===== Records for processing =====

(* Let $\mathbb{V}$ be a finite vocabulary, $\theta$ a language model, $k\ge 1$, $B\ge 1$, $T\ge 1$, a prefix $\mathbf{z}_{\mathrm{pre}}$ and a target suffix $\mathbf{z}_{\mathrm{suf}}\in\mathbb{V}^T$, as described in the context. Run top-$k$ constrained beam search ($k$-CBS) with beam width $B$, and let $C_T$ be its final candidate set. Let $F_{(B)}\subseteq C_T$ consist of the (at most) $B$ pairs of $C_T$ with the largest second coordinate (ties broken by a fixed deterministic rule). For $\mathsf{dist}\in\{\mathsf{Hamming},\mathsf{Levenshtein}\}$ and $\varepsilon\ge 0$ define $$\mathrm{LB}^{(B)}_{\varepsilon,\mathsf{dist}}=\sum_{(\mathbf{z}_{\mathrm{pre}}\Vert\mathbf{x},\,\ell)\in F_{(B)}\,:\,\mathbf{x}\in\mathbb{B}^{\mathsf{dist}}_{\varepsilon}(\mathbf{z}_{\mathrm{suf}})}\exp(\ell).$$ Then $\mathrm{LB}^{(B)}_{\varepsilon,\mathsf{dist}}\le p^{\mathsf{dist}}_{\mathbf{z},\varepsilon}$.
   Context: Let $\mathbb{V}$ be a finite vocabulary containing a designated end-of-sequence token EOS. A language model $\theta$ assigns to every finite token sequence (history) $\mathbf{h}$ a probability distribution $\Pr_\theta(\cdot\mid\mathbf{h})$ on $\mathbb{V}$ with $\Pr_\theta(v\mid\mathbf{h})>0$ for all $v$. For an integer $k\ge1$ and a history $\mathbf{h}$, let $S(\mathbf{h})\subseteq\mathbb{V}$ be the set of $k$ tokens with the largest values of $\Pr_\theta(\cdot\mid\mathbf{h})$ (ties broken by a fixed deterministic rule). The top-$k$ decoding distribution is $\Pr_{\theta,\phi}(v\mid\mathbf{h})=\Pr_\theta(v\mid\mathbf{h})/\sum_{u\in S(\mathbf{h})}\Pr_\theta(u\mid\mathbf{h})$ for $v\in S(\mathbf{h})$ and $0$ otherwise. Fix a prefix $\mathbf{z}_{\mathrm{pre}}\in\mathbb{V}^L$ and a target suffix $\mathbf{z}_{\mathrm{suf}}\in\mathbb{V}^T$. For $\mathbf{x}\in\mathbb{V}^T$, $\Pr_{\theta,\phi}(\mathbf{x}\mid\mathbf{z}_{\mathrm{pre}})=\prod_{t=1}^T\Pr_{\theta,\phi}(x_t\mid\mathbf{z}_{\mathrm{pre}}\Vert x_{1:t-1})$ ($\Vert$ is concatenation). For $\mathbf{b},\mathbf{c}\in\mathbb{V}^T$, $\mathsf{Hamming}(\mathbf{b},\mathbf{c})=\#\{t: b_t\ne c_t\}$ and $\mathsf{Levenshtein}(\mathbf{b},\mathbf{c})$ is the minimum number of unit-cost single-token substitutions, insertions and deletions transforming $\mathbf{b}$ into $\mathbf{c}$. The $\varepsilon$-ball is $\mathbb{B}^{\mathsf{dist}}_{\varepsilon}(\mathbf{z}_{\mathrm{suf}})=\{\mathbf{v}\in\mathbb{V}^T:\mathsf{dist}(\mathbf{v},\mathbf{z}_{\mathrm{suf}})\le\varepsilon\}$, and the near-verbatim extraction probability is $p^{\mathsf{dist}}_{\mathbf{z},\varepsilon}=\sum_{\mathbf{v}\in\mathbb{B}^{\mathsf{dist}}_{\varepsilon}(\mathbf{z}_{\mathrm{suf}})}\Pr_{\theta,\phi}(\mathbf{v}\mid\mathbf{z}_{\mathrm{pre}})$. Top-$k$ constrained beam search ($k$-CBS) with beam width $B$: set $L_0=\{(\mathbf{z}_{\mathrm{pre}},0)\}$. For $t=1,\dots,T$: let $C_t=\{(\mathbf{h}\Vert v,\ \ell+\log\Pr_{\theta,\phi}(v\mid\mathbf{h})):(\mathbf{h},\ell)\in L_{t-1},\ v\in S(\mathbf{h})\}$. If $t=T$, output $F=C_T$. If $t<T$, delete from $C_t$ every pair whose history ends in EOS, and let $L_t$ be the (at most) $B$ pairs of $C_t$ with the largest second coordinate (deterministic tie-breaking). Every pair in $C_T$ has the form $(\mathbf{z}_{\mathrm{pre}}\Vert\mathbf{x},\ell)$ with $\mathbf{x}\in\mathbb{V}^T$. *)

theory Defs
  imports Complex_Main
begin

definition is_lm :: "('v::finite list \<Rightarrow> 'v \<Rightarrow> real) \<Rightarrow> bool" where
  "is_lm \<theta> \<longleftrightarrow> (\<forall>h v. \<theta> h v > 0) \<and> (\<forall>h. (\<Sum>v\<in>UNIV. \<theta> h v) = 1)"

text \<open>S is a top-k selection rule (deterministic, being a function): for every history,
  S h consists of k tokens (all of them if fewer exist) of largest probability.\<close>
definition is_topk_rule :: "('v::finite list \<Rightarrow> 'v \<Rightarrow> real) \<Rightarrow> nat \<Rightarrow> ('v list \<Rightarrow> 'v set) \<Rightarrow> bool" where
  "is_topk_rule \<theta> k S \<longleftrightarrow>
     (\<forall>h. card (S h) = min k (card (UNIV :: 'v set)) \<and>
          (\<forall>v\<in>S h. \<forall>u. u \<notin> S h \<longrightarrow> \<theta> h u \<le> \<theta> h v))"

definition is_topB_rule :: "nat \<Rightarrow> (('v list \<times> real) set \<Rightarrow> ('v list \<times> real) set) \<Rightarrow> bool" where
  "is_topB_rule B sel \<longleftrightarrow>
     (\<forall>C. finite C \<longrightarrow> sel C \<subseteq> C \<and> card (sel C) = min B (card C) \<and>
          (\<forall>p\<in>sel C. \<forall>q\<in>C - sel C. snd q \<le> snd p))"

definition topk_prob :: "('v list \<Rightarrow> 'v \<Rightarrow> real) \<Rightarrow> ('v list \<Rightarrow> 'v set) \<Rightarrow> 'v list \<Rightarrow> 'v \<Rightarrow> real" where
  "topk_prob \<theta> S h v = (if v \<in> S h then \<theta> h v / (\<Sum>u\<in>S h. \<theta> h u) else 0)"

definition seq_prob :: "('v list \<Rightarrow> 'v \<Rightarrow> real) \<Rightarrow> ('v list \<Rightarrow> 'v set) \<Rightarrow> 'v list \<Rightarrow> 'v list \<Rightarrow> real" where
  "seq_prob \<theta> S zpre x = (\<Prod>t<length x. topk_prob \<theta> S (zpre @ take t x) (x ! t))"

definition cands :: "('v list \<Rightarrow> 'v \<Rightarrow> real) \<Rightarrow> ('v list \<Rightarrow> 'v set) \<Rightarrow> ('v list \<times> real) set \<Rightarrow> ('v list \<times> real) set" where
  "cands \<theta> S L = {(h @ [v], l + ln (topk_prob \<theta> S h v)) | h l v. (h, l) \<in> L \<and> v \<in> S h}"

text \<open>beam ... t = L_t (for t < T).\<close>
fun beam :: "('v list \<Rightarrow> 'v \<Rightarrow> real) \<Rightarrow> ('v list \<Rightarrow> 'v set) \<Rightarrow> 'v \<Rightarrow>
    (('v list \<times> real) set \<Rightarrow> ('v list \<times> real) set) \<Rightarrow> 'v list \<Rightarrow> nat \<Rightarrow> ('v list \<times> real) set" where
  "beam \<theta> S eos sel zpre 0 = {(zpre, 0)}"
| "beam \<theta> S eos sel zpre (Suc t) =
     sel {p \<in> cands \<theta> S (beam \<theta> S eos sel zpre t). last (fst p) \<noteq> eos}"

text \<open>Final candidate set C_T (T \<ge> 1).\<close>
definition final_cands where
  "final_cands \<theta> S eos sel zpre T = cands \<theta> S (beam \<theta> S eos sel zpre (T - 1))"

definition hamming :: "'a list \<Rightarrow> 'a list \<Rightarrow> nat" where
  "hamming b c = card {t. t < length b \<and> b ! t \<noteq> c ! t}"

definition edit1 :: "'a list \<Rightarrow> 'a list \<Rightarrow> bool" where
  "edit1 b c \<longleftrightarrow> (\<exists>u w x y.
      (b = u @ [x] @ w \<and> c = u @ [y] @ w) \<or>
      (b = u @ w \<and> c = u @ [y] @ w) \<or>
      (b = u @ [x] @ w \<and> c = u @ w))"

definition levenshtein :: "'a list \<Rightarrow> 'a list \<Rightarrow> nat" where
  "levenshtein b c = (LEAST n. (edit1 ^^ n) b c)"

definition extraction_prob where
  "extraction_prob \<theta> S zpre zsuf dst \<epsilon> =
     (\<Sum>v\<in>{v. length v = length zsuf \<and> real (dst v zsuf) \<le> \<epsilon>}. seq_prob \<theta> S zpre v)"

definition beam_LB where
  "beam_LB F zpre zsuf dst \<epsilon> =
     (\<Sum>p\<in>{p\<in>F. \<exists>x. fst p = zpre @ x \<and> length x = length zsuf \<and> real (dst x zsuf) \<le> \<epsilon>}. exp (snd p))"

end

theory Submission
  imports Defs
begin

text \<open>Scores accumulate the logarithms of the factors of the product defining the sequence
  probability, so every pair carried by the beam is (zpre @ x, ln Pr(x)) with Pr(x) > 0.
  Distinct pairs therefore belong to distinct continuations x, and the lower bound is the sum of
  Pr(x) over a subset of the ball, which is dominated by the sum over the whole ball.
  Neither the top-k property of S, the beam width nor the choice of distance plays a role.\<close>

definition scored_paths ::
    "('v list \<Rightarrow> 'v \<Rightarrow> real) \<Rightarrow> ('v list \<Rightarrow> 'v set) \<Rightarrow> 'v list \<Rightarrow> nat \<Rightarrow> ('v list \<times> real) set" where
  "scored_paths \<theta> S zpre t =
     (\<lambda>x. (zpre @ x, ln (seq_prob \<theta> S zpre x))) ` {x. length x = t \<and> seq_prob \<theta> S zpre x > 0}"

lemma seq_prob_snoc:
  "seq_prob \<theta> S zpre (x @ [v]) = seq_prob \<theta> S zpre x * topk_prob \<theta> S (zpre @ x) v"
proof -
  have "(\<Prod>t<length x. topk_prob \<theta> S (zpre @ take t (x @ [v])) ((x @ [v]) ! t))
        = seq_prob \<theta> S zpre x"
    unfolding seq_prob_def by (rule prod.cong) (auto simp: nth_append)
  then show ?thesis
    unfolding seq_prob_def by (simp add: prod.lessThan_Suc)
qed

lemma topk_prob_nonneg:
  assumes "is_lm \<theta>"
  shows "topk_prob \<theta> S h v \<ge> 0"
  using assms by (auto simp: topk_prob_def is_lm_def less_imp_le intro!: divide_nonneg_nonneg sum_nonneg)

lemma topk_prob_pos:
  assumes "is_lm \<theta>" and "v \<in> S h"
  shows "topk_prob \<theta> S h v > 0"
proof -
  have "finite (S h)" "S h \<noteq> {}"
    using \<open>v \<in> S h\<close> by auto
  then have "(\<Sum>u\<in>S h. \<theta> h u) > 0"
    using assms(1) by (intro sum_pos) (auto simp: is_lm_def)
  then show ?thesis
    using assms by (auto simp: topk_prob_def is_lm_def)
qed

lemma seq_prob_nonneg:
  assumes "is_lm \<theta>"
  shows "seq_prob \<theta> S zpre x \<ge> 0"
  unfolding seq_prob_def using topk_prob_nonneg[OF assms] by (simp add: prod_nonneg)

lemma finite_scored_paths: "finite (scored_paths \<theta> S zpre t)"
  for zpre :: "'v::finite list"
proof -
  have "finite {x :: 'v list. length x = t}"
    using finite_lists_length_eq[OF finite_UNIV[where 'a='v]] by simp
  then show ?thesis
    unfolding scored_paths_def by (auto intro: finite_subset[rotated])
qed

lemma cands_subset_scored_paths:
  assumes "is_lm \<theta>" and "L \<subseteq> scored_paths \<theta> S zpre t"
  shows "cands \<theta> S L \<subseteq> scored_paths \<theta> S zpre (Suc t)"
proof
  fix p assume "p \<in> cands \<theta> S L"
  then obtain h l v where p: "p = (h @ [v], l + ln (topk_prob \<theta> S h v))"
    and "(h, l) \<in> L" and "v \<in> S h"
    unfolding cands_def by blast
  then obtain x where x: "h = zpre @ x" "l = ln (seq_prob \<theta> S zpre x)" "length x = t"
    and x_pos: "seq_prob \<theta> S zpre x > 0"
    using assms(2) unfolding scored_paths_def by auto
  have v_pos: "topk_prob \<theta> S h v > 0"
    using topk_prob_pos assms(1) \<open>v \<in> S h\<close> by blast
  have snoc: "seq_prob \<theta> S zpre (x @ [v]) = seq_prob \<theta> S zpre x * topk_prob \<theta> S h v"
    using seq_prob_snoc x(1) by metis
  have "p = (zpre @ (x @ [v]), ln (seq_prob \<theta> S zpre (x @ [v])))"
    using p x x_pos v_pos snoc by (simp add: ln_mult)
  moreover have "seq_prob \<theta> S zpre (x @ [v]) > 0"
    using snoc x_pos v_pos by simp
  ultimately show "p \<in> scored_paths \<theta> S zpre (Suc t)"
    unfolding scored_paths_def using x(3) by auto
qed

lemma topB_rule_subset:
  assumes "is_topB_rule B sel" and "finite C"
  shows "sel C \<subseteq> C"
  using assms by (simp add: is_topB_rule_def)

lemma beam_subset_scored_paths:
  assumes "is_lm \<theta>" and "is_topB_rule B sel"
  shows "beam \<theta> S eos sel zpre t \<subseteq> scored_paths \<theta> S zpre t"
proof (induction t)
  case 0
  have "seq_prob \<theta> S zpre [] = 1"
    by (simp add: seq_prob_def)
  then show ?case
    by (auto simp: scored_paths_def)
next
  case (Suc t)
  let ?C = "{p \<in> cands \<theta> S (beam \<theta> S eos sel zpre t). last (fst p) \<noteq> eos}"
  have C: "?C \<subseteq> scored_paths \<theta> S zpre (Suc t)"
    using cands_subset_scored_paths[OF assms(1) Suc.IH] by auto
  then have "finite ?C"
    using finite_scored_paths finite_subset by blast
  with C show ?case
    using topB_rule_subset[OF assms(2)] by fastforce
qed

lemma final_cands_subset_scored_paths:
  assumes "is_lm \<theta>" and "is_topB_rule B sel" and "T \<ge> 1"
  shows "final_cands \<theta> S eos sel zpre T \<subseteq> scored_paths \<theta> S zpre T"
proof -
  have "cands \<theta> S (beam \<theta> S eos sel zpre (T - 1)) \<subseteq> scored_paths \<theta> S zpre (Suc (T - 1))"
    by (rule cands_subset_scored_paths[OF assms(1) beam_subset_scored_paths[OF assms(1,2)]])
  then show ?thesis
    using assms(3) by (simp add: final_cands_def)
qed

lemma sum_exp_scores_le_seq_prob:
  assumes "is_lm \<theta>" and "F \<subseteq> scored_paths \<theta> S zpre t" and "finite A"
  shows "(\<Sum>p\<in>{p\<in>F. \<exists>x\<in>A. fst p = zpre @ x}. exp (snd p)) \<le> (\<Sum>x\<in>A. seq_prob \<theta> S zpre x)"
proof -
  define scored where "scored x = (zpre @ x, ln (seq_prob \<theta> S zpre x))" for x
  define X where "X = {x\<in>A. scored x \<in> F \<and> seq_prob \<theta> S zpre x > 0}"
  have F_scored: "\<exists>y. p = scored y \<and> seq_prob \<theta> S zpre y > 0" if "p \<in> F" for p
    using that assms(2) unfolding scored_paths_def scored_def by auto
  have image: "{p\<in>F. \<exists>x\<in>A. fst p = zpre @ x} = scored ` X"
    using F_scored by (fastforce simp: X_def scored_def)
  have "inj scored"
    by (simp add: inj_def scored_def)
  then have "(\<Sum>p\<in>{p\<in>F. \<exists>x\<in>A. fst p = zpre @ x}. exp (snd p)) = (\<Sum>x\<in>X. exp (snd (scored x)))"
    unfolding image by (simp add: sum.reindex inj_on_subset)
  also have "\<dots> = (\<Sum>x\<in>X. seq_prob \<theta> S zpre x)"
    by (rule sum.cong) (auto simp: X_def scored_def)
  also have "\<dots> \<le> (\<Sum>x\<in>A. seq_prob \<theta> S zpre x)"
    by (rule sum_mono2) (auto simp: X_def assms(3) seq_prob_nonneg[OF assms(1)])
  finally show ?thesis .
qed

theorem theorem2:
  fixes \<theta> :: "'v::finite list \<Rightarrow> 'v \<Rightarrow> real"
    and S :: "'v list \<Rightarrow> 'v set"
    and sel :: "('v list \<times> real) set \<Rightarrow> ('v list \<times> real) set"
    and eos :: 'v and k B T :: nat and zpre zsuf :: "'v list"
    and dst :: "'v list \<Rightarrow> 'v list \<Rightarrow> nat" and \<epsilon> :: real
  assumes "is_lm \<theta>"
    and "k \<ge> 1" and "B \<ge> 1" and "T \<ge> 1"
    and "is_topk_rule \<theta> k S"
    and "is_topB_rule B sel"
    and "length zsuf = T"
    and "dst \<in> {hamming, levenshtein}"
    and "\<epsilon> \<ge> 0"
  shows "beam_LB (sel (final_cands \<theta> S eos sel zpre T)) zpre zsuf dst \<epsilon>
           \<le> extraction_prob \<theta> S zpre zsuf dst \<epsilon>"
proof -
  let ?C = "final_cands \<theta> S eos sel zpre T"
  define ball where "ball = {v. length v = length zsuf \<and> real (dst v zsuf) \<le> \<epsilon>}"
  have C: "?C \<subseteq> scored_paths \<theta> S zpre T"
    by (rule final_cands_subset_scored_paths[OF assms(1,6,4)])
  then have "finite ?C"
    using finite_scored_paths by (rule finite_subset)
  then have "sel ?C \<subseteq> scored_paths \<theta> S zpre T"
    using topB_rule_subset[OF assms(6)] C by blast
  moreover have "finite ball"
    using finite_lists_length_eq[OF finite_UNIV[where 'a='v], of "length zsuf"]
    unfolding ball_def by (rule finite_subset[rotated]) blast
  ultimately have "(\<Sum>p\<in>{p\<in>sel ?C. \<exists>x\<in>ball. fst p = zpre @ x}. exp (snd p))
                   \<le> (\<Sum>x\<in>ball. seq_prob \<theta> S zpre x)"
    by (rule sum_exp_scores_le_seq_prob[OF assms(1)])
  moreover have "{p\<in>sel ?C. \<exists>x\<in>ball. fst p = zpre @ x}
      = {p\<in>sel ?C. \<exists>x. fst p = zpre @ x \<and> length x = length zsuf \<and> real (dst x zsuf) \<le> \<epsilon>}"
    unfolding ball_def by blast
  ultimately show ?thesis
    unfolding beam_LB_def extraction_prob_def ball_def by simp
qed

end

=====

Problem: Each line of the data that holds the word "intro" should be copied.

Completed exercise:
  using assms by (auto simp: topk_prob_def is_lm_def less_imp_le intro!: divide_nonneg_nonneg sum_nonneg)
    using assms(1) by (intro sum_pos) (auto simp: is_lm_def)
    unfolding scored_paths_def by (auto intro: finite_subset[rotated])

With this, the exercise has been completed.